Stored data entries

○ ○ ○ ○ ○

(* Let $\mathcal F$ be a Banach space with a basis $B=(e_i)_{i\in\mathbb N}$ satisfying $\sup_i\|e_i\|_{\mathcal F}<\infty$. Let $p\in(0,\infty)$ and assume $B$ has the $p$-Temlyakov property: there is $c>0$ such that for every finite $I\subset\mathbb N$ and every $(c_i)_{i\in I}\in\mathbb R^I$, $$\tfrac1c|I|^{1/p}\min_{i\in I}|c_i|\le\Big\|\sum_{i\in I}c_ie_i\Big\|_{\mathcal F}\le c|I|^{1/p}\max_{i\in I}|c_i|.$$ Let $0<q<p$ and for $M\in\mathbb N$ define $$\Sigma^q_M=\Big\{\sum_{i=1}^Mc_ie_i:\ c_i\in\mathbb R,\ \sup_{0<\lambda<\infty}\lambda\,|\{i:|c_i|\ge\lambda\}|^{1/q}\le1\Big\}.$$ With $s=\frac1q-\frac1p$, the sequence $\Sigma^q=(\Sigma^q_M)_{M\in\mathbb N}$ is $s$-encodable in $\mathcal F$ (with the metric induced by $\|\cdot\|_{\mathcal F}$).
   Context: A finite $X\subset A$ is an $\varepsilon$-covering of $A$ if every point of $A$ is within distance $\varepsilon$ of some point of $X$. For $\gamma,h>0$, a $(\gamma,h)$-encoding of $\Sigma=(\Sigma_M)_M$ is a sequence $(\Sigma(\gamma,h)_M)_M$ such that for some $c_1,c_2>0$ and all $M$, $\Sigma(\gamma,h)_M$ is a $c_1M^{-\gamma}$-covering of $\Sigma_M$ with $\log_2|\Sigma(\gamma,h)_M|\le c_2M^{1+h}$. $\Sigma$ is $\gamma$-encodable if it admits a $(\gamma,h)$-encoding for every $h>0$. *)

theory Defs
  imports "HOL-Analysis.Analysis"
begin

definition schauder_basis :: "(nat \<Rightarrow> 'a::banach) \<Rightarrow> bool" where
  "schauder_basis e \<longleftrightarrow> (\<forall>x. \<exists>!c::nat \<Rightarrow> real. (\<lambda>i. c i *\<^sub>R e i) sums x)"

definition temlyakov :: "real \<Rightarrow> (nat \<Rightarrow> 'a::real_normed_vector) \<Rightarrow> bool" where
  "temlyakov p e \<longleftrightarrow> (\<exists>c>0. \<forall>I::nat set. \<forall>a::nat \<Rightarrow> real. finite I \<and> I \<noteq> {} \<longrightarrow>
      (1 / c) * real (card I) powr (1 / p) * (MIN i\<in>I. \<bar>a i\<bar>) \<le> norm (\<Sum>i\<in>I. a i *\<^sub>R e i) \<and>
      norm (\<Sum>i\<in>I. a i *\<^sub>R e i) \<le> c * real (card I) powr (1 / p) * (MAX i\<in>I. \<bar>a i\<bar>))"

definition covering :: "'a::metric_space set \<Rightarrow> 'a set \<Rightarrow> real \<Rightarrow> bool" where
  "covering X A \<epsilon> \<longleftrightarrow> finite X \<and> X \<subseteq> A \<and> (\<forall>a\<in>A. \<exists>x\<in>X. dist a x \<le> \<epsilon>)"

definition is_encoding :: "real \<Rightarrow> real \<Rightarrow> (nat \<Rightarrow> 'a::metric_space set) \<Rightarrow> (nat \<Rightarrow> 'a set) \<Rightarrow> bool" where
  "is_encoding \<gamma> h \<Sigma> S \<longleftrightarrow> (\<exists>c1>0. \<exists>c2>0. \<forall>M::nat. M \<ge> 1 \<longrightarrow>
      covering (S M) (\<Sigma> M) (c1 * real M powr (- \<gamma>)) \<and>
      log 2 (real (card (S M))) \<le> c2 * real M powr (1 + h))"

definition encodable :: "real \<Rightarrow> (nat \<Rightarrow> 'a::metric_space set) \<Rightarrow> bool" where
  "encodable \<gamma> \<Sigma> \<longleftrightarrow> (\<forall>h>0. \<exists>S. is_encoding \<gamma> h \<Sigma> S)"

text \<open>The sets Sigma^q_M: combinations of the first M basis vectors (indices 0..M-1,
  corresponding to e_1..e_M in the paper) whose coefficient sequence has weak-l^q
  quasi-norm at most 1.\<close>
definition weak_lq_ball :: "real \<Rightarrow> (nat \<Rightarrow> 'a::real_normed_vector) \<Rightarrow> nat \<Rightarrow> 'a set" where
  "weak_lq_ball q e M = {\<Sum>i<M. c i *\<^sub>R e i | c::nat \<Rightarrow> real.
      \<forall>t>0. t * real (card {i. i < M \<and> \<bar>c i\<bar> \<ge> t}) powr (1 / q) \<le> 1}"

end

theory Submission
  imports Defs
begin

text \<open>A weak-\<open>\<ell>\<^sup>q\<close> unit coefficient vector has all entries in \<open>[-1,1]\<close>, so \<open>\<Sigma>\<^sup>q\<^sub>M\<close> lies in the
  image of the cube \<open>[-1,1]\<^sup>M\<close>. Rounding the coefficients to the grid \<open>K\<^sup>-\<^sup>1\<int>\<close> with
  \<open>K \<approx> M\<^sup>s\<^sup>+\<^sup>1\<close> moves a point by at most \<open>M (sup\<^sub>i \<parallel>e\<^sub>i\<parallel>) / K \<lesssim> M\<^sup>-\<^sup>s\<close> and leaves at most
  \<open>(2K+1)\<^sup>M\<close> grid points, i.e. \<open>O(M log M) = O(M\<^sup>1\<^sup>+\<^sup>h)\<close> bits for every \<open>h > 0\<close>.\<close>

lemma covering_mono: "covering X A r \<Longrightarrow> r \<le> r' \<Longrightarrow> covering X A r'"
  unfolding covering_def by force

text \<open>One representative per fibre of \<open>\<phi>\<close> is the covering.\<close>
lemma covering_by_fibres:
  fixes A :: "'a::metric_space set" and \<phi> :: "'a \<Rightarrow> 'b"
  assumes "finite G" "\<phi> ` A \<subseteq> G"
    and close: "\<And>a b. a \<in> A \<Longrightarrow> b \<in> A \<Longrightarrow> \<phi> a = \<phi> b \<Longrightarrow> dist a b \<le> \<epsilon>"
  shows "\<exists>X. covering X A \<epsilon> \<and> card X \<le> card G"
proof -
  define r where "r g = (SOME a. a \<in> A \<and> \<phi> a = g)" for g
  have r: "r (\<phi> a) \<in> A \<and> \<phi> (r (\<phi> a)) = \<phi> a" if "a \<in> A" for a
    unfolding r_def by (rule someI[of _ a]) (use that in auto)
  have fin: "finite (\<phi> ` A)" using assms(1,2) finite_subset by blast
  have "covering (r ` \<phi> ` A) A \<epsilon>"
    unfolding covering_def using fin r close by (fastforce intro: bexI[of _ "r (\<phi> _)"])
  moreover have "card (r ` \<phi> ` A) \<le> card G"
    using card_image_le[OF fin, of r] card_mono[OF assms(1,2)] by linarith
  ultimately show ?thesis by blast
qed

lemma weak_lq_coefficient_le_1:
  fixes c :: "nat \<Rightarrow> real"
  assumes "q > 0" and weak: "\<forall>t>0. t * real (card {i. i < M \<and> \<bar>c i\<bar> \<ge> t}) powr (1 / q) \<le> 1"
    and "i < M"
  shows "\<bar>c i\<bar> \<le> 1"
proof (rule ccontr)
  assume "\<not> \<bar>c i\<bar> \<le> 1"
  let ?N = "card {j. j < M \<and> \<bar>c j\<bar> \<ge> \<bar>c i\<bar>}"
  have "?N \<ge> 1"
    using \<open>i < M\<close> card_gt_0_iff[of "{j. j < M \<and> \<bar>c j\<bar> \<ge> \<bar>c i\<bar>}"] by fastforce
  then have "real ?N powr (1 / q) \<ge> 1"
    using \<open>q > 0\<close> by (intro ge_one_powr_ge_zero) auto
  then have "\<bar>c i\<bar> \<le> \<bar>c i\<bar> * real ?N powr (1 / q)"
    using mult_left_mono[of 1 _ "\<bar>c i\<bar>"] by simp
  moreover have "\<bar>c i\<bar> * real ?N powr (1 / q) \<le> 1"
    using weak \<open>\<not> \<bar>c i\<bar> \<le> 1\<close> by auto
  ultimately show False using \<open>\<not> \<bar>c i\<bar> \<le> 1\<close> by linarith
qed

lemma weak_lq_ball_subset_cube:
  assumes "q > 0"
  shows "weak_lq_ball q e M \<subseteq> {\<Sum>i<M. c i *\<^sub>R e i | c. \<forall>i<M. \<bar>c i\<bar> \<le> 1}"
  unfolding weak_lq_ball_def using weak_lq_coefficient_le_1[OF assms] by blast

lemma abs_round_le:
  assumes "\<bar>x\<bar> \<le> real K"
  shows "\<bar>round x\<bar> \<le> int K"
  using of_int_round_ge[of x] of_int_round_le[of x] assms by linarith

lemma covering_cube_span:
  fixes e :: "nat \<Rightarrow> 'a::real_normed_vector"
  assumes A: "A \<subseteq> {\<Sum>i<M. c i *\<^sub>R e i | c. \<forall>i<M. \<bar>c i\<bar> \<le> 1}"
    and B: "\<And>i. norm (e i) \<le> B" and "K \<ge> 1"
  shows "\<exists>X. covering X A (real M * B / real K) \<and> card X \<le> (2 * K + 1) ^ M"
proof -
  define coef where "coef a = (SOME c. a = (\<Sum>i<M. c i *\<^sub>R e i) \<and> (\<forall>i<M. \<bar>c i\<bar> \<le> 1))" for a
  have coef: "a = (\<Sum>i<M. coef a i *\<^sub>R e i) \<and> (\<forall>i<M. \<bar>coef a i\<bar> \<le> 1)" if "a \<in> A" for a
  proof -
    have "\<exists>c. a = (\<Sum>i<M. c i *\<^sub>R e i) \<and> (\<forall>i<M. \<bar>c i\<bar> \<le> 1)"
      using A that by blast
    then show ?thesis
      unfolding coef_def by (rule someI_ex)
  qed
  define \<phi> where "\<phi> a = restrict (\<lambda>i. round (real K * coef a i)) {..<M}" for a
  define G where "G = PiE {..<M} (\<lambda>_. {- int K..int K})"
  have "card {- int K..int K} = 2 * K + 1"
    by simp
  then have "card G = (2 * K + 1) ^ M"
    unfolding G_def by (simp add: card_PiE)
  have "\<phi> ` A \<subseteq> G"
  proof (clarsimp simp: \<phi>_def G_def PiE_iff)
    fix a i assume "a \<in> A" "i < M"
    then have "\<bar>real K * coef a i\<bar> \<le> real K"
      using coef mult_left_mono[of "\<bar>coef a i\<bar>" 1 "real K"] by (simp add: abs_mult)
    then show "- int K \<le> round (real K * coef a i) \<and> round (real K * coef a i) \<le> int K"
      using abs_round_le[of "real K * coef a i" K] by linarith
  qed
  moreover have "dist a b \<le> real M * B / real K" if "a \<in> A" "b \<in> A" "\<phi> a = \<phi> b" for a b
  proof -
    have close: "\<bar>coef a i - coef b i\<bar> \<le> 1 / real K" if "i < M" for i
    proof -
      have "round (real K * coef a i) = round (real K * coef b i)"
        using fun_cong[OF \<open>\<phi> a = \<phi> b\<close>, of i] \<open>i < M\<close> unfolding \<phi>_def by simp
      then have "\<bar>real K * coef a i - real K * coef b i\<bar> < 1"
        by (rule round_eq_imp_diff_1)
      then have "real K * \<bar>coef a i - coef b i\<bar> < 1"
        by (simp add: abs_mult right_diff_distrib[symmetric])
      then show ?thesis using \<open>K \<ge> 1\<close> by (simp add: field_simps)
    qed
    have "a - b = (\<Sum>i<M. (coef a i - coef b i) *\<^sub>R e i)"
      using coef[OF \<open>a \<in> A\<close>] coef[OF \<open>b \<in> A\<close>]
      by (simp add: sum_subtractf scaleR_diff_left)
    then have "dist a b = norm (\<Sum>i<M. (coef a i - coef b i) *\<^sub>R e i)"
      by (simp add: dist_norm)
    also have "\<dots> \<le> (\<Sum>i<M. norm ((coef a i - coef b i) *\<^sub>R e i))"
      by (rule norm_sum)
    also have "\<dots> \<le> (\<Sum>i<M. 1 / real K * B)"
    proof (rule sum_mono)
      fix i assume "i \<in> {..<M}"
      then show "norm ((coef a i - coef b i) *\<^sub>R e i) \<le> 1 / real K * B"
        using mult_mono[OF close B] by simp
    qed
    finally show ?thesis by simp
  qed
  ultimately show ?thesis
    using covering_by_fibres[of G \<phi> A] \<open>card G = _\<close> unfolding G_def by (simp add: finite_PiE)
qed

text \<open>The bit count of the grid: \<open>M log\<^sub>2(2K+1) = O(M log M)\<close>, absorbed into \<open>M\<^sup>1\<^sup>+\<^sup>h\<close> via
  \<open>ln M \<le> M\<^sup>h / h\<close>.\<close>
lemma log2_grid_card_le:
  fixes B s h :: real and M K :: nat
  assumes "B \<ge> 1" "s > 0" "h > 0" "M \<ge> 1"
    and K: "real K \<le> B * real M powr (s + 1) + 1"
  shows "log 2 (real ((2 * K + 1) ^ M)) \<le>
     (log 2 (5 * B) + (s + 1) / (h * ln 2) + 1) * real M powr (1 + h)"
proof -
  let ?L = "log 2 (5 * B)" and ?C = "(s + 1) / (h * ln 2)"
  have "1 \<le> B * real M powr (s + 1)"
    using assms(1,2,4) mult_mono[of 1 B 1 "real M powr (s + 1)"] ge_one_powr_ge_zero[of "real M"]
    by simp
  then have "real (2 * K + 1) \<le> 5 * B * real M powr (s + 1)"
    using K by simp
  then have "log 2 (real (2 * K + 1)) \<le> log 2 (5 * B * real M powr (s + 1))"
    by (intro log_mono) auto
  also have "\<dots> = ?L + (s + 1) * log 2 (real M)"
    using assms by (simp add: log_mult log_powr)
  also have "\<dots> \<le> ?L + ?C * real M powr h"
  proof -
    have "ln (real M) \<le> real M powr h / h"
      using assms by (intro ln_powr_bound) auto
    then have "log 2 (real M) \<le> real M powr h / (h * ln 2)"
      unfolding log_def by (simp add: divide_right_mono field_simps)
    then show ?thesis
      using assms(2) mult_left_mono[of _ _ "s + 1"] by fastforce
  qed
  finally have bits: "log 2 (real (2 * K + 1)) \<le> ?L + ?C * real M powr h" .
  have "real M \<le> real M powr (1 + h)" and "?L \<ge> 0"
    using assms ge_one_powr_ge_zero[of "real M" h] by (auto simp: powr_add)
  then have "real M * ?L \<le> ?L * real M powr (1 + h)"
    using mult_right_mono by (metis mult.commute)
  moreover have "real M * log 2 (real (2 * K + 1)) \<le> real M * (?L + ?C * real M powr h)"
    using bits by (rule mult_left_mono) simp
  moreover have "real M * (?L + ?C * real M powr h) = real M * ?L + ?C * real M powr (1 + h)"
    using assms by (simp add: powr_add algebra_simps)
  moreover have "log 2 (real ((2 * K + 1) ^ M)) = real M * log 2 (real (2 * K + 1))"
    by (simp add: log_nat_power del: of_nat_add of_nat_mult)
  moreover have "real M powr (1 + h) \<ge> 0"
    by simp
  ultimately show ?thesis
    by (simp only: distrib_right)
qed

lemma weak_lq_ball_covering:
  fixes e :: "nat \<Rightarrow> 'a::real_normed_vector"
  assumes "q > 0" "s > 0" "h > 0" "M \<ge> 1"
    and B: "\<And>i. norm (e i) \<le> B" "B \<ge> 1"
  shows "\<exists>X. covering X (weak_lq_ball q e M) (real M powr (- s)) \<and>
    log 2 (real (card X)) \<le> (log 2 (5 * B) + (s + 1) / (h * ln 2) + 1) * real M powr (1 + h)"
proof -
  define K where "K = nat \<lceil>B * real M powr (s + 1)\<rceil>"
  have "1 \<le> B * real M powr (s + 1)"
    using assms mult_mono[of 1 B 1 "real M powr (s + 1)"] ge_one_powr_ge_zero[of "real M"] by simp
  then have K: "B * real M powr (s + 1) \<le> real K" "real K \<le> B * real M powr (s + 1) + 1"
    unfolding K_def by linarith+
  then have "K \<ge> 1"
    using \<open>1 \<le> B * _\<close> by linarith
  have "real M * B / real K \<le> real M * B / (B * real M powr (s + 1))"
    using K \<open>1 \<le> B * _\<close> assms by (intro divide_left_mono) auto
  also have "\<dots> = real M powr (- s)"
    using assms by (simp add: powr_add powr_minus field_simps)
  finally have radius: "real M * B / real K \<le> real M powr (- s)" .
  obtain X where X: "covering X (weak_lq_ball q e M) (real M * B / real K)"
      "card X \<le> (2 * K + 1) ^ M"
    using covering_cube_span[OF weak_lq_ball_subset_cube[OF \<open>q > 0\<close>, of e M] B(1) \<open>K \<ge> 1\<close>]
    by blast
  have "log 2 (real (card X)) \<le> log 2 (real ((2 * K + 1) ^ M))"
  proof (cases "card X = 0")
    case True
    then show ?thesis by (simp add: log_def)
  next
    case False
    have "real (card X) \<le> real ((2 * K + 1) ^ M)"
      using X(2) by (simp only: of_nat_le_iff)
    then show ?thesis
      using False by (intro log_mono) auto
  qed
  also have "\<dots> \<le> (log 2 (5 * B) + (s + 1) / (h * ln 2) + 1) * real M powr (1 + h)"
    using log2_grid_card_le[OF B(2) assms(2-4) K(2)] .
  finally show ?thesis
    using covering_mono[OF X(1) radius] by blast
qed

theorem mainTheorem14:
  fixes e :: "nat \<Rightarrow> 'a::banach" and p q :: real
  assumes "schauder_basis e"
    and "bdd_above (range (\<lambda>i. norm (e i)))"
    and "0 < p" and "temlyakov p e"
    and "0 < q" and "q < p"
  shows "encodable (1 / q - 1 / p) (weak_lq_ball q e)"
  unfolding encodable_def
proof (intro allI impI)
  fix h :: real
  assume "h > 0"
  obtain B0 where "\<And>i. norm (e i) \<le> B0"
    using assms(2) unfolding bdd_above_def by auto
  then have B: "\<And>i. norm (e i) \<le> max 1 B0" "max 1 B0 \<ge> 1"
    by (auto intro: le_max_iff_disj[THEN iffD2])
  let ?s = "1 / q - 1 / p"
  let ?c2 = "log 2 (5 * max 1 B0) + (?s + 1) / (h * ln 2) + 1"
  have "?s > 0"
    using assms(3,5,6) by (simp add: frac_less2)
  have "?c2 > 0"
    using B(2) \<open>?s > 0\<close> \<open>h > 0\<close> by (simp add: add_nonneg_pos)
  have "\<forall>M. \<exists>X. M \<ge> 1 \<longrightarrow> covering X (weak_lq_ball q e M) (1 * real M powr (- ?s)) \<and>
      log 2 (real (card X)) \<le> ?c2 * real M powr (1 + h)"
    using weak_lq_ball_covering[OF \<open>q > 0\<close> \<open>?s > 0\<close> \<open>h > 0\<close> _ B] by simp
  then obtain S where "\<forall>M \<ge> 1. covering (S M) (weak_lq_ball q e M) (1 * real M powr (- ?s)) \<and>
      log 2 (real (card (S M))) \<le> ?c2 * real M powr (1 + h)"
    by metis
  then show "\<exists>S. is_encoding ?s h (weak_lq_ball q e) S"
    unfolding is_encoding_def using \<open>?c2 > 0\<close> by (intro exI[of _ S] exI[of _ 1] exI[of _ ?c2]) auto
qed

end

○ ○ ○ ○ ○

Which lines of the entries above contain the string "fastforce"? Copy each one.

    unfolding covering_def using fin r close by (fastforce intro: bexI[of _ "r (\<phi> _)"])
    using \<open>i < M\<close> card_gt_0_iff[of "{j. j < M \<and> \<bar>c j\<bar> \<ge> \<bar>c i\<bar>}"] by fastforce
      using assms(2) mult_left_mono[of _ _ "s + 1"] by fastforce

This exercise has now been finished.